Posted 8 April, 2015 by in SEO

How To Use Wireshark With The SEO Spider

Here at Screaming Frog we occasionally get support queries from users of the SEO Spider reporting issues such as recording the wrong response code, or perhaps reporting a page to have no title or headings, when they are there when viewed in a browser. We often get asked if it’s bug in the software, but sometimes sites just respond differently depending on User-Agent, whether cookies are accepted, or if the server is under load for example.

Would it not be great if there was an easy way to independently verify what was being reported by the SEO Spider?

Well, actually there is. Enter Wireshark the worlds leading network protocol analyser. It captures and logs network traffic, allowing you to inspect packets sent and received by your computer. It’s available, for free, on all major operating systems and I wanted to put a guide together to show SEOs how Wireshark can be extremely useful verifying data (and a lot more!).

To show how to use Wireshark, I have created a page here that will not include a page title element if the requesting User-Agent contains the word ‘Spider’. The demo page doesn’t contain any links, but if you were doing this on a real site it would be worth limiting the crawl to just a single URL to minimise the amount of traffic generated (Configuration -> Spider and set ‘Limit Search Total’ to ‘1’ in the Limits tab).

Now start up Wireshark and choose Capture-> Start from the menu:

capture_start

Switch back to the SEO Spider and start the crawl of the page.
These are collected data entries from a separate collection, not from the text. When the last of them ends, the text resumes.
lemma pnorm_tail_tendsto_0:
  assumes "\<xi> \<in> Stest"
  shows "(\<lambda>m. pnorm p (\<lambda>\<tau>. if \<tau> \<in> Pow {..<m} then 0 else \<xi> \<tau>)) \<longlonglongrightarrow> 0"
proof -
  define f where "f \<sigma> = lam \<sigma> ^ (2 * p) * (cmod (\<xi> \<sigma>))\<^sup>2" for \<sigma>
  have f_summable: "f summable_on Gam"
    using assms unfolding Stest_def f_def by auto
  then have "(\<lambda>m. sum f (Pow {..<m})) \<longlonglongrightarrow> infsum f Gam"
    unfolding summable_iff_has_sum_infsum has_sum_def
    by (rule filterlim_compose[OF _ tendsto_Pow_lessThan_finite_subsets])
  then have "(\<lambda>m. sqrt (infsum f Gam - sum f (Pow {..<m}))) \<longlonglongrightarrow> sqrt (infsum f Gam - infsum f Gam)"
    by (intro tendsto_intros)
  moreover have "pnorm p (\<lambda>\<tau>. if \<tau> \<in> Pow {..<m} then 0 else \<xi> \<tau>)
      = sqrt (infsum f Gam - sum f (Pow {..<m}))" for m
  proof -
    have "(\<Sum>\<^sub>\<infinity>\<sigma>\<in>Gam. lam \<sigma> ^ (2 * p) * (cmod (if \<sigma> \<in> Pow {..<m} then 0 else \<xi> \<sigma>))\<^sup>2)
          = infsum f (Gam - Pow {..<m})"
      by (rule infsum_cong_neutral) (auto simp: f_def)
    also have "\<dots> = infsum f Gam - infsum f (Pow {..<m})"
      by (rule infsum_Diff[OF f_summable]) (auto simp: Pow_lessThan_subset_Gam)
    finally show ?thesis unfolding pnorm_def by simp
  qed
  ultimately show ?thesis by simp
qed

lemma sum_Pow_weighted_le_pnorm:
  assumes "\<xi> \<in> Stest"
  shows "(\<Sum>\<sigma>\<in>Pow {..<m}. cmod (\<xi> \<sigma>) * lam \<sigma> ^ q)
           \<le> ((pnorm (Suc q) \<xi>)\<^sup>2 + exp (pi\<^sup>2 / 6)) / 2"
proof -
  have am_gm: "cmod (\<xi> \<sigma>) * lam \<sigma> ^ q
      \<le> (lam \<sigma> ^ (2 * Suc q) * (cmod (\<xi> \<sigma>))\<^sup>2 + 1 / lam \<sigma> ^ 2) / 2" for \<sigma>
  proof -
    define x L where "x = cmod (\<xi> \<sigma>) * lam \<sigma> ^ Suc q" and "L = lam \<sigma>"
    have "L \<noteq> 0" using lam_ge_1[of \<sigma>] by (simp add: L_def)
    then have "cmod (\<xi> \<sigma>) * lam \<sigma> ^ q = x * (1 / L)"
      by (simp add: x_def L_def)
    also have "\<dots> \<le> (x\<^sup>2 + (1 / L)\<^sup>2) / 2"
      using sum_squares_bound[of x "1 / L"] by (simp add: mult.commute)
    also have "\<dots> = (lam \<sigma> ^ (2 * Suc q) * (cmod (\<xi> \<sigma>))\<^sup>2 + 1 / lam \<sigma> ^ 2) / 2"
      by (simp add: x_def L_def power_mult_distrib power_even_eq power_one_over power2_eq_square)
    finally show ?thesis .
  qed
  have "(\<Sum>\<sigma>\<in>Pow {..<m}. cmod (\<xi> \<sigma>) * lam \<sigma> ^ q)
      \<le> (\<Sum>\<sigma>\<in>Pow {..<m}. (lam \<sigma> ^ (2 * Suc q) * (cmod (\<xi> \<sigma>))\<^sup>2 + 1 / lam \<sigma> ^ 2) / 2)"
    by (rule sum_mono) (rule am_gm)
  also have "\<dots> = ((\<Sum>\<sigma>\<in>Pow {..<m}. lam \<sigma> ^ (2 * Suc q) * (cmod (\<xi> \<sigma>))\<^sup>2)
          + (\<Sum>\<sigma>\<in>Pow {..<m}. 1 / lam \<sigma> ^ 2)) / 2"
    by (simp add: sum.distrib sum_divide_distrib[symmetric])
  also have "\<dots> \<le> ((pnorm (Suc q) \<xi>)\<^sup>2 + exp (pi\<^sup>2 / 6)) / 2"
    by (intro divide_right_mono add_mono sum_Pow_le_pnorm assms sum_inverse_lam_squared_le) simp
  finally show ?thesis .
qed

lemma Sstar_add:
  "\<Psi> \<in> Sstar \<Longrightarrow> \<xi> \<in> Stest \<Longrightarrow> \<eta> \<in> Stest \<Longrightarrow> \<Psi> (\<lambda>\<sigma>. \<xi> \<sigma> + \<eta> \<sigma>) = \<Psi> \<xi> + \<Psi> \<eta>"
  unfolding Sstar_def by blast

lemma Sstar_scale: "\<Psi> \<in> Sstar \<Longrightarrow> \<xi> \<in> Stest \<Longrightarrow> \<Psi> (\<lambda>\<sigma>. c * \<xi> \<sigma>) = c * \<Psi> \<xi>"
  unfolding Sstar_def by blast

lemma Sstar_bounded:
  assumes "\<Psi> \<in> Sstar"
  obtains C p where "0 \<le> C" "\<And>\<xi>. \<xi> \<in> Stest \<Longrightarrow> cmod (\<Psi> \<xi>) \<le> C * pnorm p \<xi>"
proof -
  from assms obtain p C where C: "\<forall>\<xi>\<in>Stest. cmod (\<Psi> \<xi>) \<le> C * pnorm p \<xi>"
    unfolding Sstar_def by blast
  have "cmod (\<Psi> \<xi>) \<le> max C 0 * pnorm p \<xi>" if "\<xi> \<in> Stest" for \<xi>
    using C that pnorm_nonneg[of p \<xi>] by (meson max.cobounded1 mult_right_mono order_trans)
  then show ?thesis by (intro that[of "max C 0" p]) auto
qed

lemma Sstar_zero: "(\<lambda>\<xi>. 0) \<in> Sstar"
  unfolding Sstar_def by (auto intro!: exI[of _ "0::nat"] exI[of _ "0::real"])

lemma Sstar_add_scaled:
  assumes "\<Phi> \<in> Sstar" "\<Psi> \<in> Sstar"
  shows "(\<lambda>\<xi>. c * \<Phi> \<xi> + \<Psi> \<xi>) \<in> Sstar"
proof -
  obtain C p where C: "0 \<le> C" "\<And>\<xi>. \<xi> \<in> Stest \<Longrightarrow> cmod (\<Phi> \<xi>) \<le> C * pnorm p \<xi>"
    using Sstar_bounded[OF assms(1)] by metis
  obtain D q where D: "0 \<le> D" "\<And>\<xi>. \<xi> \<in> Stest \<Longrightarrow> cmod (\<Psi> \<xi>) \<le> D * pnorm q \<xi>"
    using Sstar_bounded[OF assms(2)] by metis
  have bound: "cmod (c * \<Phi> \<xi> + \<Psi> \<xi>) \<le> (cmod c * C + D) * pnorm (max p q) \<xi>"
    if \<xi>: "\<xi> \<in> Stest" for \<xi>
  proof -
    have "cmod (c * \<Phi> \<xi> + \<Psi> \<xi>) \<le> cmod c * cmod (\<Phi> \<xi>) + cmod (\<Psi> \<xi>)"
      using norm_triangle_ineq[of "c * \<Phi> \<xi>" "\<Psi> \<xi>"] by (simp add: norm_mult)
    also have "\<dots> \<le> cmod c * (C * pnorm (max p q) \<xi>) + D * pnorm (max p q) \<xi>"
      using C D pnorm_mono[OF \<xi>, of p "max p q"] pnorm_mono[OF \<xi>, of q "max p q"]
      by (intro add_mono mult_left_mono order_trans[OF C(2)[OF \<xi>]] order_trans[OF D(2)[OF \<xi>]]) auto
    finally show ?thesis by (simp add: algebra_simps)
  qed
  show ?thesis
    unfolding Sstar_def
  proof (intro CollectI conjI allI impI)
    fix \<xi> \<eta> assume \<xi>: "\<xi> \<in> Stest" and \<eta>: "\<eta> \<in> Stest"
    show "c * \<Phi> (\<lambda>\<sigma>. \<xi> \<sigma> + \<eta> \<sigma>) + \<Psi> (\<lambda>\<sigma>. \<xi> \<sigma> + \<eta> \<sigma>)
        = (c * \<Phi> \<xi> + \<Psi> \<xi>) + (c * \<Phi> \<eta> + \<Psi> \<eta>)"
      unfolding Sstar_add[OF assms(1) \<xi> \<eta>] Sstar_add[OF assms(2) \<xi> \<eta>] by (simp add: algebra_simps)
  next
    fix d \<xi> assume \<xi>: "\<xi> \<in> Stest"
    show "c * \<Phi> (\<lambda>\<sigma>. d * \<xi> \<sigma>) + \<Psi> (\<lambda>\<sigma>. d * \<xi> \<sigma>) = d * (c * \<Phi> \<xi> + \<Psi> \<xi>)"
      unfolding Sstar_scale[OF assms(1) \<xi>] Sstar_scale[OF assms(2) \<xi>] by (simp add: algebra_simps)
  next
    show "\<exists>p C. \<forall>\<xi>\<in>Stest. cmod (c * \<Phi> \<xi> + \<Psi> \<xi>) \<le> C * pnorm p \<xi>"
      using bound by (intro exI ballI)
  next
    fix \<xi> assume "\<xi> \<notin> Stest"
    then have "\<Phi> \<xi> = 0" "\<Psi> \<xi> = 0"
      using assms unfolding Sstar_def by blast+
    then show "c * \<Phi> \<xi> + \<Psi> \<xi> = 0" by simp
  qed
qed

lemma Sstar_sum:
  assumes "finite I" "\<And>i. i \<in> I \<Longrightarrow> \<Phi> i \<in> Sstar"
  shows "(\<lambda>\<xi>. \<Sum>i\<in>I. c i * \<Phi> i \<xi>) \<in> Sstar"
  using assms by (induction I rule: finite_induct) (auto intro: Sstar_zero Sstar_add_scaled)

lemma Sstar_restrict_finite:
  assumes "\<Psi> \<in> Sstar" "finite S" "S \<subseteq> Gam"
  shows "\<Psi> (\<lambda>\<tau>. if \<tau> \<in> S then \<xi> \<tau> else 0) = (\<Sum>\<sigma>\<in>S. \<xi> \<sigma> * fock \<Psi> \<sigma>)"
  using assms(2,3)
proof (induction S rule: finite_induct)
  case empty
  have "(\<lambda>\<tau>. 0) \<in> Stest" by (rule Stest_finite_support[of "{}"]) auto
  from Sstar_scale[OF assms(1) this, of 0] show ?case by simp
next
  case (insert x S)
  let ?rest = "\<lambda>\<tau>. if \<tau> \<in> S then \<xi> \<tau> else 0"
  have x: "x \<in> Gam" using insert.prems by blast
  have "(\<lambda>\<tau>. \<xi> x * Zb x \<tau>) \<in> Stest"
    by (rule Stest_finite_support[of "{x}"]) (use x in \<open>auto simp: Zb_def\<close>)
  moreover have "?rest \<in> Stest"
    by (rule Stest_finite_support[of S]) (use insert in auto)
  moreover have "(\<lambda>\<tau>. if \<tau> \<in> insert x S then \<xi> \<tau> else 0) = (\<lambda>\<tau>. \<xi> x * Zb x \<tau> + ?rest \<tau>)"
    using insert.hyps(2) by (auto simp: Zb_def)
  ultimately have "\<Psi> (\<lambda>\<tau>. if \<tau> \<in> insert x S then \<xi> \<tau> else 0) = \<xi> x * fock \<Psi> x + \<Psi> ?rest"
    using Sstar_add[OF assms(1)] Sstar_scale[OF assms(1) Zb_in_Stest[OF x]] by (simp add: fock_def)
  with insert show ?case by simp
qed

lemma fock_expansion:
  assumes "\<Psi> \<in> Sstar" "\<xi> \<in> Stest"
  shows "(\<lambda>m. \<Sum>\<sigma>\<in>Pow {..<m}. \<xi> \<sigma> * fock \<Psi> \<sigma>) \<longlonglongrightarrow> \<Psi> \<xi>"
proof -
  obtain C p where "0 \<le> C" and C: "\<And>\<eta>. \<eta> \<in> Stest \<Longrightarrow> cmod (\<Psi> \<eta>) \<le> C * pnorm p \<eta>"
    using Sstar_bounded[OF assms(1)] by metis
  define tail where "tail m = (\<lambda>\<tau>. if \<tau> \<in> Pow {..<m} then 0 else \<xi> \<tau>)" for m
  have tail_Stest: "tail m \<in> Stest" for m
    by (rule Stest_norm_le[OF assms(2)]) (use assms(2) in \<open>auto simp: tail_def Stest_def\<close>)
  have split: "(\<Sum>\<sigma>\<in>Pow {..<m}. \<xi> \<sigma> * fock \<Psi> \<sigma>) = \<Psi> \<xi> - \<Psi> (tail m)" for m
  proof -
    let ?head = "\<lambda>\<tau>. if \<tau> \<in> Pow {..<m} then \<xi> \<tau> else 0"
    have "?head \<in> Stest"
      by (rule Stest_finite_support[of "Pow {..<m}"]) (auto simp: Pow_lessThan_subset_Gam)
    moreover have "\<xi> = (\<lambda>\<tau>. ?head \<tau> + tail m \<tau>)" by (auto simp: tail_def)
    ultimately have "\<Psi> \<xi> = \<Psi> ?head + \<Psi> (tail m)"
      using Sstar_add[OF assms(1) _ tail_Stest] by metis
    then show ?thesis
      using Sstar_restrict_finite[OF assms(1) _ Pow_lessThan_subset_Gam] by simp
  qed
  have "(\<lambda>m. \<Psi> (tail m)) \<longlonglongrightarrow> 0"
  proof (rule Lim_null_comparison)
    show "\<forall>\<^sub>F m in sequentially. norm (\<Psi> (tail m)) \<le> C * pnorm p (tail m)"
      using C tail_Stest by auto
    show "(\<lambda>m. C * pnorm p (tail m)) \<longlonglongrightarrow> 0"
      unfolding tail_def by (intro tendsto_mult_right_zero pnorm_tail_tendsto_0 assms(2))
  qed
  from tendsto_diff[OF tendsto_const[of "\<Psi> \<xi>"] this] show ?thesis
    unfolding split by simp
qed

lemma fock_bounded:
  assumes "\<Psi> \<in> Sstar"
  obtains C p where "0 \<le> C" "\<And>\<sigma>. \<sigma> \<in> Gam \<Longrightarrow> cmod (fock \<Psi> \<sigma>) \<le> C * lam \<sigma> ^ p"
proof -
  obtain C p where "0 \<le> C" and C: "\<And>\<xi>. \<xi> \<in> Stest \<Longrightarrow> cmod (\<Psi> \<xi>) \<le> C * pnorm p \<xi>"
    using Sstar_bounded[OF assms] by metis
  moreover have "cmod (fock \<Psi> \<sigma>) \<le> C * lam \<sigma> ^ p" if "\<sigma> \<in> Gam" for \<sigma>
    using C[OF Zb_in_Stest[OF that]] pnorm_Zb[OF that] by (simp add: fock_def)
  ultimately show ?thesis using that by metis
qed

lemma norm_diff_le_if_fock_diff_le:
  assumes \<Phi>: "\<Phi> \<in> Sstar" and \<Psi>: "\<Psi> \<in> Sstar" and \<xi>: "\<xi> \<in> Stest" and "0 \<le> \<epsilon>"
    and fock_diff: "\<And>\<sigma>. \<sigma> \<in> Gam \<Longrightarrow> cmod (fock \<Phi> \<sigma> - fock \<Psi> \<sigma>) \<le> \<epsilon> * lam \<sigma> ^ q"
  shows "cmod (\<Phi> \<xi> - \<Psi> \<xi>) \<le> \<epsilon> * ((pnorm (Suc q) \<xi>)\<^sup>2 + exp (pi\<^sup>2 / 6)) / 2"
proof (rule LIMSEQ_le_const2)
  have "(\<lambda>m. (\<Sum>\<sigma>\<in>Pow {..<m}. \<xi> \<sigma> * fock \<Phi> \<sigma>) - (\<Sum>\<sigma>\<in>Pow {..<m}. \<xi> \<sigma> * fock \<Psi> \<sigma>))
      \<longlonglongrightarrow> \<Phi> \<xi> - \<Psi> \<xi>"
    by (intro tendsto_diff fock_expansion \<Phi> \<Psi> \<xi>)
  then show "(\<lambda>m. cmod (\<Sum>\<sigma>\<in>Pow {..<m}. \<xi> \<sigma> * (fock \<Phi> \<sigma> - fock \<Psi> \<sigma>))) \<longlonglongrightarrow> cmod (\<Phi> \<xi> - \<Psi> \<xi>)"
    by (intro tendsto_norm) (simp add: sum_subtractf right_diff_distrib)
  show "\<exists>N. \<forall>m\<ge>N. cmod (\<Sum>\<sigma>\<in>Pow {..<m}. \<xi> \<sigma> * (fock \<Phi> \<sigma> - fock \<Psi> \<sigma>))
      \<le> \<epsilon> * ((pnorm (Suc q) \<xi>)\<^sup>2 + exp (pi\<^sup>2 / 6)) / 2"
  proof (intro exI allI impI)
    fix m
    have "cmod (\<Sum>\<sigma>\<in>Pow {..<m}. \<xi> \<sigma> * (fock \<Phi> \<sigma> - fock \<Psi> \<sigma>))
        \<le> (\<Sum>\<sigma>\<in>Pow {..<m}. cmod (\<xi> \<sigma>) * (\<epsilon> * lam \<sigma> ^ q))"
      using Pow_lessThan_subset_Gam
      by (intro order_trans[OF norm_sum] sum_mono) (auto simp: norm_mult intro!: mult_left_mono fock_diff)
    also have "\<dots> = \<epsilon> * (\<Sum>\<sigma>\<in>Pow {..<m}. cmod (\<xi> \<sigma>) * lam \<sigma> ^ q)"
      by (simp add: sum_distrib_left mult.left_commute)
    also have "\<dots> \<le> \<epsilon> * ((pnorm (Suc q) \<xi>)\<^sup>2 + exp (pi\<^sup>2 / 6)) / 2"
      using mult_left_mono[OF sum_Pow_weighted_le_pnorm[OF \<xi>] \<open>0 \<le> \<epsilon>\<close>] by simp
    finally show "cmod (\<Sum>\<sigma>\<in>Pow {..<m}. \<xi> \<sigma> * (fock \<Phi> \<sigma> - fock \<Psi> \<sigma>))
        \<le> \<epsilon> * ((pnorm (Suc q) \<xi>)\<^sup>2 + exp (pi\<^sup>2 / 6)) / 2" .
  qed
qed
Once this is complete, switch back to Wireshark and choose Capture-> Stop.

capture_stop

In the filter input box at the top, type “http” and press enter.

filter_http

This will filter out a lot of the traffic, ideally leaving you only with the HTTP traffic generated by the SEO Spider. Other browser sessions with active content or applications such as Dropbox will also generate HTTP traffic that may also be shown. You should be able to see a row in the master view with an ‘Info’ column containing:

GET /demo/missing_page_title/ HTTP/1.1

This is the request sent by the SEO Spider, you can inspect the contents of this by clicking the row and then expanding the “Hypertext Transfer Protocol” section in the details view:

seo_spider_http_request

Here we can view the HTTP request headers sent by the SEO Spider. Now, switch back to the main ‘master view’ again and within the next few packets, depending on what other HTTP traffic was captured, you’ll be able to see a packet with Info:

HTTP/1.1 200 OK (text/html)

This is the HTTP response. Again clicking on it allows us to view in more detail:

seo spider http response with wireshark

Here we can see the complete HTML returned under ‘Line-based text data: text/html’, and clearly see that it’s missing a page title.

If we now repeat the process by changing the User-Agent configured in the SEO Spider (Configuration-> User Agent) to GoogleBot regular.

update_user_agent

Then re-run the capture, we can see the updated request:

seo_spider_http_request

And the corresponding response, now including the page title “I am scared of spiders!”.

google_bot_http_response

There are other tools such as Web Sniffer that allow you to switch User-Agent and view the raw HTML returned, but they don’t capture exactly what’s happening like Wireshark which allows you to sniff any tool you might be using or building yourself.

Hopefully this post has been a useful insight into the role Wireshark can play in an SEO’s toolkit.